Limiting global warming to 2 degrees – rather than the bolder climate target of 1.5C – offers the best economic outcome for the planet, a study published Monday by the Potsdam Institute for Climate Impact Research has found.
After weighing the costs of climate damage against the cost of cutting greenhouse gas emissions, researchers concluded that keeping warming to 2C this century, as agreed under the 2015 Paris accord, makes the most economic sense.
“We are now between 1 and 1.2 degrees of warming – so very close to 1.5 degrees – and the mitigation costs you'd have in order to achieve something close to the current temperature are very large,” says Anders Levermann, who co-authored the study.
“In order to achieve a 1.5C target, we would need additional techniques that do not yet exist or that have not been scaled up to the necessary amount to get the carbon back out of the atmosphere.”
The Potsdam team used computer simulations based on a model by US Nobel laureate William Nordhaus to compare expected climate damage, such as weather extremes, with mitigation costs such as replacing coal-fired power plants with wind turbines and solar energy.
Nordhaus's Dynamic Integrated Climate-Economy (DICE) simulation system, which is trained to favour economic growth, was given up-to-date information on climate damage costs including losses in economic production.
The results are a firm endorsement of the Paris Agreement, under which more than 190 countries committed to keeping temperature rise to “well below” 2C. It shows that the political target the world has signed up to has passed the cost-benefit test.
However since the Paris deal was signed in 2015, scientists have warned that 2C is not an ambitious enough goal to prevent disastrous warming – and that the difference of even half a degree would be vast.
In 2018, the UN's Intergovernmental Panel on Climate Change published a landmark report, authored by 91 scientists, putting forward 1.5C as a safer threshold to stave off the most extreme consequences of climate change.

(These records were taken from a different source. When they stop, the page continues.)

(* Let $G$ be a periodic group and let $x\in G$ be such that $[G,x]$ is a Chernikov group. Let $R$ be the radicable part of $[G,x]$ and assume that $[R,x]=\{1\}$. Then $R=\{1\}$.
   Context: For a subgroup $H$ and element $x$ of a group $G$, $[H,x]$ is the subgroup generated by all commutators $[a,x]=a^{-1}x^{-1}ax$ with $a\in H$. A group is radicable if every equation $y^s=a$ ($s$ a positive integer) has a solution in it. A Chernikov group $K$ has a radicable abelian normal subgroup $R$ (its radicable part, or finite residual) which is a direct product of finitely many Prüfer groups $C_{p^\infty}$ and with $K/R$ finite. *)

theory Defs
  imports "HOL-Algebra.Algebra"
begin

definition commutator :: "('a, 'b) monoid_scheme \<Rightarrow> 'a \<Rightarrow> 'a \<Rightarrow> 'a" where
  "commutator G a x = inv\<^bsub>G\<^esub> a \<otimes>\<^bsub>G\<^esub> inv\<^bsub>G\<^esub> x \<otimes>\<^bsub>G\<^esub> a \<otimes>\<^bsub>G\<^esub> x"

definition comm_subgroup :: "('a, 'b) monoid_scheme \<Rightarrow> 'a set \<Rightarrow> 'a \<Rightarrow> 'a set" where
  "comm_subgroup G H x = generate G {commutator G a x | a. a \<in> H}"

definition periodic_group :: "('a, 'b) monoid_scheme \<Rightarrow> bool" where
  "periodic_group G \<longleftrightarrow> group G \<and> (\<forall>g \<in> carrier G. \<exists>n::nat. n > 0 \<and> g [^]\<^bsub>G\<^esub> n = \<one>\<^bsub>G\<^esub>)"

definition radicable :: "('a, 'b) monoid_scheme \<Rightarrow> 'a set \<Rightarrow> bool" where
  "radicable G R \<longleftrightarrow> (\<forall>a \<in> R. \<forall>s::nat. s > 0 \<longrightarrow> (\<exists>y \<in> R. y [^]\<^bsub>G\<^esub> s = a))"

text \<open>The Pruefer p-group C_{p^\<infinity>}, modelled as the rationals in [0,1) with
  p-power denominators under addition modulo 1.\<close>
definition prufer_group :: "nat \<Rightarrow> rat monoid" where
  "prufer_group p = \<lparr> carrier = {q. \<exists>(k::int) (n::nat). q = of_int k / of_nat (p ^ n) \<and> 0 \<le> q \<and> q < 1},
                      monoid.mult = (\<lambda>a b. frac (a + b)),
                      one = 0 \<rparr>"

definition radicable_part_of :: "('a, 'b) monoid_scheme \<Rightarrow> 'a set \<Rightarrow> 'a set \<Rightarrow> bool" where
  "radicable_part_of G K R \<longleftrightarrow>
     subgroup K G \<and> R \<lhd> (G\<lparr>carrier := K\<rparr>) \<and>
     comm_group (G\<lparr>carrier := R\<rparr>) \<and> radicable G R \<and>
     (\<exists>(n::nat) (p::nat \<Rightarrow> nat). (\<forall>i < n. Factorial_Ring.prime (p i)) \<and>
        G\<lparr>carrier := R\<rparr> \<cong> product_group {..<n} (\<lambda>i. prufer_group (p i))) \<and>
     finite (rcosets\<^bsub>G\<lparr>carrier := K\<rparr>\<^esub> R)"

definition chernikov :: "('a, 'b) monoid_scheme \<Rightarrow> 'a set \<Rightarrow> bool" where
  "chernikov G K \<longleftrightarrow> (\<exists>R. radicable_part_of G K R)"

end

theory Submission
  imports Defs
begin

(* Since R is radicable of finite index m in the normal subgroup [G,x], every element of R is
   the m-th power of an element of R, and m-th powers of elements of [G,x] lie in R; hence R is
   normal in G. As x centralizes R, so does every conjugate of x, hence so does the normal
   closure L = [G,x]<x> of x, in which R has finite index because x has finite order n.
   The transfer V : L -> R then satisfies V r = r^|L:R| on R, while V(L) is generated by the
   images of the conjugates of x, which have order dividing n in the abelian group R.
   Writing r = y^(|L:R| n) with y in R gives r = (V y)^n = 1. *)

lemma (in group) inv_mult_cancel_left [simp]:
  "x \<in> carrier G \<Longrightarrow> y \<in> carrier G \<Longrightarrow> inv x \<otimes> (x \<otimes> y) = y"
  by (simp add: m_assoc[symmetric])

lemma (in group) mult_inv_cancel_left [simp]:
  "x \<in> carrier G \<Longrightarrow> y \<in> carrier G \<Longrightarrow> x \<otimes> (inv x \<otimes> y) = y"
  by (simp add: m_assoc[symmetric])

lemma (in group) rcosets_r_coset_closed:
  assumes "H \<subseteq> carrier G" "c \<in> rcosets H" "g \<in> carrier G"
  shows "c #> g \<in> rcosets H"
proof -
  obtain a where a: "a \<in> carrier G" "c = H #> a"
    using assms(2) by (auto simp: RCOSETS_def)
  then have "c #> g = H #> (a \<otimes> g)"
    using assms(1,3) by (simp add: coset_mult_assoc)
  then show ?thesis
    using a(1) assms by (simp add: rcosetsI)
qed

lemma (in group) bij_betw_rcosets_r_coset:
  assumes "subgroup H G" "g \<in> carrier G"
  shows "bij_betw (\<lambda>c. c #> g) (rcosets H) (rcosets H)"
proof (rule bij_betw_byWitness[where f' = "\<lambda>c. c #> inv g"])
  have H: "H \<subseteq> carrier G"
    using assms(1) by (rule subgroup.subset)
  have "c #> a #> b = c #> (a \<otimes> b)" if "c \<in> rcosets H" "a \<in> carrier G" "b \<in> carrier G" for c a b
    using that assms(1) by (simp add: coset_mult_assoc subgroup.rcosets_carrier is_group)
  then show "\<forall>c\<in>rcosets H. c #> g #> inv g = c" "\<forall>c\<in>rcosets H. c #> inv g #> g = c"
    using assms(2) H by (simp_all add: coset_mult_one subgroup.rcosets_carrier[OF assms(1) is_group])
  show "(\<lambda>c. c #> g) ` (rcosets H) \<subseteq> rcosets H" "(\<lambda>c. c #> inv g) ` (rcosets H) \<subseteq> rcosets H"
    using H assms(2) by (auto intro: rcosets_r_coset_closed)
qed

lemma (in group) conj_nat_pow:
  assumes "a \<in> carrier G" "g \<in> carrier G"
  shows "(g \<otimes> a \<otimes> inv g) [^] (n :: nat) = g \<otimes> a [^] n \<otimes> inv g"
  using assms by (induction n) (simp_all add: m_assoc)

lemma (in group) pow_card_rcosets_in_normal:
  assumes N: "N \<lhd> G" and finite_index: "finite (rcosets N)" and g: "g \<in> carrier G"
  shows "g [^] card (rcosets N) \<in> N"
proof -
  interpret N: normal N G
    by (rule N)
  have "N #> g \<in> carrier (G Mod N)"
    using g by (simp add: FactGroup_def rcosetsI N.subset)
  then have "(N #> g) [^]\<^bsub>G Mod N\<^esub> order (G Mod N) = N"
    using group.pow_order_eq_1[OF N.factorgroup_is_group] by (simp add: FactGroup_def)
  then have "N #> (g [^] card (rcosets N)) = N"
    using N.FactGroup_pow[OF g] by (simp add: order_def FactGroup_def)
  then show ?thesis
    using coset_join1 N.subgroup_axioms g by blast
qed

lemma (in group) generate_normalI:
  assumes S: "S \<subseteq> carrier G"
    and conj: "\<And>g s. g \<in> carrier G \<Longrightarrow> s \<in> S \<Longrightarrow> g \<otimes> s \<otimes> inv g \<in> generate G S"
  shows "generate G S \<lhd> G"
proof -
  have "g \<otimes> h \<otimes> inv g \<in> generate G S" if "h \<in> generate G S" "g \<in> carrier G" for g h
    using that(1)
  proof induction
    case one
    then show ?case
      using that(2) by (simp add: generate.one)
  next
    case (incl s)
    then show ?case
      using conj that(2) by blast
  next
    case (inv s)
    then have "g \<otimes> inv s \<otimes> inv g = inv (g \<otimes> s \<otimes> inv g)"
      using S that(2) by (auto simp: inv_mult_group m_assoc)
    then show ?case
      using generate_m_inv_closed[OF S] conj[OF that(2) inv] by simp
  next
    case (eng h1 h2)
    have "h1 \<in> carrier G" "h2 \<in> carrier G"
      using eng.hyps generate_in_carrier[OF S] by auto
    then have "g \<otimes> (h1 \<otimes> h2) \<otimes> inv g = (g \<otimes> h1 \<otimes> inv g) \<otimes> (g \<otimes> h2 \<otimes> inv g)"
      using that(2) by (simp add: m_assoc)
    then show ?case
      using eng.IH by (simp add: generate.eng)
  qed
  then show ?thesis
    using S by (simp add: normal_inv_iff generate_is_subgroup)
qed

definition centralizer :: "('a, 'b) monoid_scheme \<Rightarrow> 'a set \<Rightarrow> 'a set" where
  "centralizer G H = {g \<in> carrier G. \<forall>h \<in> H. g \<otimes>\<^bsub>G\<^esub> h = h \<otimes>\<^bsub>G\<^esub> g}"

lemma centralizerI:
  "g \<in> carrier G \<Longrightarrow> (\<And>h. h \<in> H \<Longrightarrow> g \<otimes>\<^bsub>G\<^esub> h = h \<otimes>\<^bsub>G\<^esub> g)
    \<Longrightarrow> g \<in> centralizer G H"
  by (simp add: centralizer_def)

lemma centralizerD:
  assumes "g \<in> centralizer G H"
  shows "g \<in> carrier G" "h \<in> H \<Longrightarrow> g \<otimes>\<^bsub>G\<^esub> h = h \<otimes>\<^bsub>G\<^esub> g"
  using assms by (simp_all add: centralizer_def)

lemma (in group) subgroup_centralizer:
  assumes H: "H \<subseteq> carrier G"
  shows "subgroup (centralizer G H) G"
proof (rule subgroupI)
  fix a b assume a: "a \<in> centralizer G H" and b: "b \<in> centralizer G H"
  show "a \<otimes> b \<in> centralizer G H"
  proof (rule centralizerI)
    fix h assume h: "h \<in> H"
    have "a \<otimes> b \<otimes> h = a \<otimes> (h \<otimes> b)"
      using centralizerD[OF a] centralizerD[OF b] h H by (auto simp: m_assoc)
    also have "\<dots> = h \<otimes> (a \<otimes> b)"
      using centralizerD[OF a] centralizerD[OF b] h H by (auto simp: m_assoc[symmetric])
    finally show "a \<otimes> b \<otimes> h = h \<otimes> (a \<otimes> b)" .
  qed (use centralizerD[OF a] centralizerD[OF b] in simp)
next
  fix a assume a: "a \<in> centralizer G H"
  show "inv a \<in> centralizer G H"
  proof (rule centralizerI)
    fix h assume h: "h \<in> H"
    have ac: "a \<in> carrier G" and hc: "h \<in> carrier G"
      using centralizerD[OF a] h H by auto
    have "inv a \<otimes> h = inv a \<otimes> (h \<otimes> a) \<otimes> inv a"
      using ac hc by (simp add: m_assoc)
    also have "\<dots> = inv a \<otimes> (a \<otimes> h) \<otimes> inv a"
      using centralizerD(2)[OF a h] by simp
    also have "\<dots> = h \<otimes> inv a"
      using ac hc by (simp add: m_assoc)
    finally show "inv a \<otimes> h = h \<otimes> inv a" .
  qed (use centralizerD[OF a] in simp)
next
  have "\<one> \<in> centralizer G H"
    using H by (intro centralizerI) auto
  then show "centralizer G H \<noteq> {}"
    by blast
qed (auto simp: centralizer_def)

Levermann says the Potsdam study is not seeking to distinguish between 1.5 and 2 degrees – but rather to distinguish 2 degrees from 3, 4 and 5 degrees of unabated climate change.
“This study is saying that if you combine the monetary effects of climate damage and the mitigation costs – which are also monetary – then it doesn't make sense to go above 2 degrees of global warming,” he explains.
“Now, that doesn't mean that we don't want to achieve 1.5C politically – that's another question – but economically we find that the optimal temperature is 2 degrees.”
With global efforts to achieve the 2C target still insufficient, the Potsdam researchers are calling for stronger climate protection efforts, warning that limiting warming to 2C requires “fast and fundamental global action”.